Twice while watching The Big Bang Theory as I ate lunch I’ve come dangerously close to needing the Heimlich manoeuvre when a funny line caught me mid-swallow. Other noon time TV fare often involves cat litter or unpleasant topics that threaten to make me upchuck.
Thus I’ve settled on Dr. Oz. After years of working in a pathology lab I’m unfazed by his handling of brains and hearts, tracing the food trail, and showing what happens when we abuse our body.
Dr. Oz has taught me things that made me think “Wow!” Recently:
* Men possess an extra enzyme that helps them digest alcohol. Because of this enzyme, it takes longer drinking more alcohol for a man to become drunk than it would for a woman. Natives and Asians lack that enzyme.
* Women have more taste buds than men, making women more sensitive to sweets.
* Men’s brains have a smaller area devoted to memory. Dr. Oz says this could be why wives vividly remember the smallest slights and arguments years after their husbands have totally forgotten the incidents.
* Eating late at night may cause you to feel stiff and achy when you wake in the morning.
* Then we get into diet and obesity, that never-ending dilemma for so many. Dr. Oz says, “By the time a woman reaches age 50, being 100 pounds overweight will shorten her life expectancy as much as if she has breast cancer.”
That’s an unsettling thought. Yet the situation can be improved immediately with better diet choices and exercise. No chemo. No radiation. No losing hair. No loss of energy. Just sensible eating and moving those feet.
Since Dr. Oz made me pause mid-bite with his scary revelation I’ve managed to program my $29 pedometer and have worked myself up to 8,000 steps a day, still short of the recommended 10,000 daily steps. My dogs look forward to our daily rambles through the bush, on a choice of two trails — one of 2300 steps, the other of 3800 steps.
On the recommendation of a relative who controls his diabetes through wise food choices, I top my morning oatmeal with two tablespoons of bran buds, and my evening yogurt with one tablespoonful. That totals the recommended daily equivalent of 12 grams of fibre, the internal scrubber. Crunchy bran buds on oatmeal is a morning waker upper.
Appearing as a guest on three of Oprah’s final shows, Dr. Oz faced an audience made up of 170 men and 170 women. They all had intimate questions, some so personal no one in the audience dared voice them. Instead a listener was interviewed by phone identified only by first name.

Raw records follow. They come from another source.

(* Fix real constants $u,v$ with $0<u<v<1$, and let $n\ge 1$ be an integer. Let $\beta>1$ be real and let $f(x)\in\mathbb Z[x]$ be a monic polynomial of degree $2n+2$ such that $f(\beta)=0$, $f(0)=1$, $$ \beta> \max\left\{ \frac 2u, \frac 1{1-v} \right\}, $$ and $$ \frac{f(x)}{(x-\beta)(x-1/\beta)} = x^{2n}+1+\sum_{i=1}^{2n-1}g_i x^i $$ for real numbers $g_i$ satisfying $u<g_i<v$ for $i=1,\dots,2n-1$. Then $f(x)$ is self-reciprocal (i.e. $x^{2n+2}f(1/x)=f(x)$) and $d_{\beta}(1)$ is $(1,2n+1)$-periodic.
   Context: For a real $\beta>1$, the beta transformation is $T_\beta(x)=\beta x-\lfloor \beta x\rfloor$ on $[0,1)$; for $x\in[0,1)$ put $x_n=\lfloor \beta T_\beta^{n-1}(x)\rfloor$ and $d_\beta(x)=x_1x_2x_3\cdots$. The expansion of one is $d_\beta(1):=\lim_{\epsilon\downarrow 0} d_\beta(1-\epsilon)$ (limit in the product topology). An infinite word $x_1x_2\cdots$ is eventually periodic if it can be written $x_1\cdots x_m(x_{m+1}\cdots x_{m+p})^\infty$ with $m\ge 0$, $p\ge 1$; choosing $m$ and $p$ minimal, the word is called $(m,p)$-periodic. *)

theory Defs
  imports "HOL-Analysis.Analysis" "HOL-Computational_Algebra.Polynomial"
begin

definition beta_T :: "real \<Rightarrow> real \<Rightarrow> real" where
  "beta_T \<beta> x = \<beta> * x - of_int \<lfloor>\<beta> * x\<rfloor>"

text \<open>Digit sequence, 0-indexed: beta_digits b x k is x_(k+1) = floor(b * T^k x).\<close>
definition beta_digits :: "real \<Rightarrow> real \<Rightarrow> nat \<Rightarrow> int" where
  "beta_digits \<beta> x k = \<lfloor>\<beta> * ((beta_T \<beta> ^^ k) x)\<rfloor>"

text \<open>Expansion of one: limit as eps tends to 0 from the right of the digit sequence
  of 1 - eps in the product topology on sequences of integers, i.e. coordinatewise
  limits in the discrete space of integers.\<close>
definition beta_one :: "real \<Rightarrow> nat \<Rightarrow> int" where
  "beta_one \<beta> k = Lim (at_right 0) (\<lambda>\<epsilon>. beta_digits \<beta> (1 - \<epsilon>) k)"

Questions about men’s sexual dysfunctions occupied a lot of air time. A widespread concern centered on erectile dysfunction.
* The condition steers a doctor toward diagnosing the overall quality of a man’s blood vessels. Erectile dysfunction results when the arteries supplying the penis become blocked impeding the flow of blood. If the penis lacks blood, chances are arteries throughout the rest of the body are also impaired and starving other organs of proper blood supply, putting the man at greater risk of heart attack and stroke.
* In the absence of any other physical complaint, erectile dysfunction may also be an early clue of diabetes. * Men asked about the seriousness of ads for Cialis and Viagra that caution a man to seek immediate medical attention if an erection lasts longer than four hours. Snickers aside, Dr. Oz says in that time, due to tourniquet-like constriction of blood flow when Viagra expands gases in the tissues, the penis can die.
All 340 audience members went “Wow!” when Dr. Oz said, “With the loss of every 35 pounds, a man gains one inch of penis length.”